In relatively elastic demand, if the price of a good increases by 25% then the demand for the product will necessarily fall by more than 25%.

 

Unlike the aforementioned types of demand, relatively elastic demand has a practical application as many goods respond in the same manner when there is a price change. 

 

The demand curve of relatively elastic demand is gradually sloping. 

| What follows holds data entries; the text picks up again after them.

(* Let $t,b,k$ be positive integers with $4\le k\le t$ and $\ell=bk/(t(t-1))$ an integer, and let $d^*$ be a circular design neighbor-balanced at distances 1 and 2 in $\Omega_{(t,b,k)}$. Then under model $(\mathcal{M}2)$ the information matrix for the total effects $\psi=\tau+\lambda+\rho$ is $$C_{d^*}[\psi]=\frac{b(k-3)}{3(t-1)}\,Q_t,\qquad Q_t=I_t-t^{-1}J_t.$$
   Context: Designs: $t$ treatments, $b$ linear blocks; block $i$ has inner plots $j=1,\dots,k$ and border plots $j=0,k+1$; $d(i,j)$ is the treatment on plot $(i,j)$; circular means $d(i,0)=d(i,k)$, $d(i,k+1)=d(i,1)$. $\Omega_{(t,b,k)}$ is the set of circular designs with $t$ treatments and $b$ blocks of length $k$. $J_t$ is the $t\times t$ all-ones matrix. Model $(\mathcal{M}2)$: responses $Y_{i,j}$ ($1\le i\le b$, $1\le j\le k$) uncorrelated with common variance, $\mathbb{E}(Y_{i,j})=\beta_i+\tau_{d(i,j)}+\lambda_{d(i,j-1)}+\rho_{d(i,j+1)}$, i.e. $\mathbb{E}(Y)=B\beta+T_d\tau+L_d\lambda+R_d\rho$ with $B$ block incidence and $T_d,L_d,R_d$ ($bk\times t$) having a single $1$ in row $(i,j)$ at column $d(i,j)$, $d(i,j-1)$, $d(i,j+1)$ respectively. $\psi=K'\alpha$ with $\alpha=(\tau',\lambda',\rho')'$, $K=\mathbf 1_3\otimes I_t$. Information matrix: with $A=(T_d\mid L_d\mid R_d)$, $X^+$ the Moore–Penrose inverse, $\mathrm{pr}_{(X)}=X(X'X)^+X'$, $\mathrm{pr}^\perp_{(X)}=I-\mathrm{pr}_{(X)}$, $M=I-K(K'K)^+K'$, $X_1=AK(K'K)^+$, $X_2=(AM\mid B)$: $C_d[\psi]=X_1'\mathrm{pr}^\perp_{(X_2)}X_1$. CNBD: a design in $\Omega_{(t,b,k)}$ that is binary (each treatment at most once among the inner plots of each block), a balanced block design (equal replication and each unordered pair of distinct treatments together in the same number of blocks), and such that for each ordered pair $(a,c)$ of distinct treatments exactly $\ell$ inner plots $(i,j)$ have $d(i,j)=a$, $d(i,j+1)=c$. A CNBD2 (circular design neighbor-balanced at distances 1 and 2) is a CNBD such that moreover for each ordered pair $(a,c)$ of distinct treatments exactly $\ell$ inner plots $(i,j)$ have $d(i,j-1)=a$ and $d(i,j+1)=c$. *)

theory Defs
  imports Complex_Main "Jordan_Normal_Form.Matrix"
begin

text \<open>Treatments are 0..t-1, blocks 0..b-1, inner plots of a block 0..k-1 (0-indexed).
  A design is d :: nat => nat => nat, d i j being the treatment on inner plot j of block i.
  Circularity: the left border plot of block i carries d i (k-1) and the right border
  plot carries d i 0, so the left neighbour of inner plot j is plot (j+k-1) mod k and
  the right neighbour is plot (j+1) mod k.\<close>

definition lnb :: "nat \<Rightarrow> nat \<Rightarrow> nat" where
  "lnb k j = (j + k - 1) mod k"
text \<open>Edges of G_eps:
  Arc p d  : the quarter arc of the circle |x - p| = eps from vertex (p,d) counterclockwise to (p, ccw d);
  HSeg p   : the horizontal grid segment from (p,R) to (p+(1,0),Lf);
  VSeg p   : the vertical grid segment from (p,U) to (p+(0,1),D).\<close>

datatype edge = Arc pt dir | HSeg pt | VSeg pt

fun esrc :: "edge \<Rightarrow> vert" where
  "esrc (Arc p d) = (p, d)"
| "esrc (HSeg p) = (p, R)"
| "esrc (VSeg p) = (p, U)"

fun etgt :: "edge \<Rightarrow> vert" where
  "etgt (Arc p d) = (p, ccw d)"
| "etgt (HSeg p) = (padd p (1,0), Lf)"
| "etgt (VSeg p) = (padd p (0,1), D)"

fun elen :: "real \<Rightarrow> edge \<Rightarrow> real" where
  "elen eps (Arc p d) = eps * pi / 2"
| "elen eps (HSeg p) = 1 - 2 * eps"
| "elen eps (VSeg p) = 1 - 2 * eps"

fun etrans :: "pt \<Rightarrow> edge \<Rightarrow> edge" where
  "etrans v (Arc p d) = Arc (padd v p) d"
| "etrans v (HSeg p) = HSeg (padd v p)"
| "etrans v (VSeg p) = VSeg (padd v p)"

text \<open>Oriented edges: True = standard orientation (esrc to etgt), False = reversed.\<close>
type_synonym dedge = "edge \<times> bool"

definition dtail :: "dedge \<Rightarrow> vert" where
  "dtail e = (if snd e then esrc (fst e) else etgt (fst e))"

definition dhead :: "dedge \<Rightarrow> vert" where
  "dhead e = (if snd e then etgt (fst e) else esrc (fst e))"

definition flip :: "dedge \<Rightarrow> dedge" where
  "flip e = (fst e, \<not> snd e)"

definition inv_path :: "dedge list \<Rightarrow> dedge list" where
  "inv_path xs = rev (map flip xs)"

definition trans_path :: "pt \<Rightarrow> dedge list \<Rightarrow> dedge list" where
  "trans_path v xs = map (\<lambda>(e, b). (etrans v e, b)) xs"
(* Let $a<b$ be real numbers, let $m \ge 1$, and let $F:\mathbb{R}^m \to \mathbb{R}$ be continuous. Suppose that for every choice of subintervals $I_1,\dots,I_m \subset [a,b]$, all closed of a common positive length, such that any two of them are either identical or disjoint, we have \[ F(I_1,\dots,I_m) = F(\ddot I_1,\dots,\ddot I_m). \] Then $F(C_{a,b}^m) = F([a,b]^m)$.
   Context: For a closed interval $I=[c,c+3t]$ with $t>0$, write $\ddot I = [c,c+t]\cup[c+2t,c+3t]$ (the interval with its open middle third removed). For sets $A_1,\dots,A_m\subset\mathbb{R}$, $F(A_1,\dots,A_m)=\{F(x_1,\dots,x_m): x_i\in A_i\}$, and $F(A^m)=F(A,\dots,A)$. The Cantor set is $C=\{\sum_{k\ge1}\alpha_k3^{-k}:\alpha_k\in\{0,2\}\}$, and $C_{a,b} := a + (b-a)C = \{a+(b-a)x : x\in C\}$. *)

theory Defs
  imports "HOL-Analysis.Analysis"
begin

text \<open>Middle-third removal: for I = [c, c+3t], ddot I = [c,c+t] \<union> [c+2t,c+3t].\<close>
definition ddot :: "real \<Rightarrow> real \<Rightarrow> real set" where
  "ddot c t = {c..c+t} \<union> {c+2*t..c+3*t}"

text \<open>The Cantor set: sums of alpha_k 3^(-k), k \<ge> 1, alpha_k \<in> {0,2} (index shifted to start at 0).\<close>
definition cantor_set :: "real set" where
  "cantor_set = {(\<Sum>k. \<alpha> k / 3 ^ (k+1)) | \<alpha>. \<forall>k. \<alpha> k \<in> {0,2}}"

definition cantor_ab :: "real \<Rightarrow> real \<Rightarrow> real set" where
  "cantor_ab a b = (\<lambda>x. a + (b - a) * x) ` cantor_set"

end

theory Submission
  imports Defs
begin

The image shows the demand curves for relatively elastic demand and relatively inelastic demand.

Demand Curves


4. Relatively Inelastic Demand

 

In a relatively inelastic demand, the proportionate change in the quantity demanded for a product is always less than the proportionate change in the price. 

 

For example, if the price of a good goes down by 10%, the proportionate change in its demand will not go beyond 9.9..%, if it reaches 10% then it would be called unitary elastic demand. 

 

The numerical value of relatively inelastic demand always comes out as less than 1 and the demand curve is rapidly sloping for such type of demand. 

 

Recommended Read: Microeconomics vs Macroeconomics

 

 

5. Unitary Elastic Demand

 

When the proportionate change in the quantity demanded for a product is equal to the proportionate change in the price of the commodity, it is said to be unitary elastic demand. 

 

The numerical value for unitary elastic demand is equal to 1. The demand curve for unitary elastic demand is represented as a rectangular hyperbola. 


 

 

Conclusion

 

We can conclude the blog by stating the fact that the demand for a commodity is affected by several factors and the three main types of elasticity of demand explains the effect of those factors. 

 

To explain the extent of the effect of the economic variables on the quantity demanded, we have 5 other types of elasticity of demand which are perfectly elastic, perfectly inelastic, relatively elastic, relatively inelastic, and unitary elastic.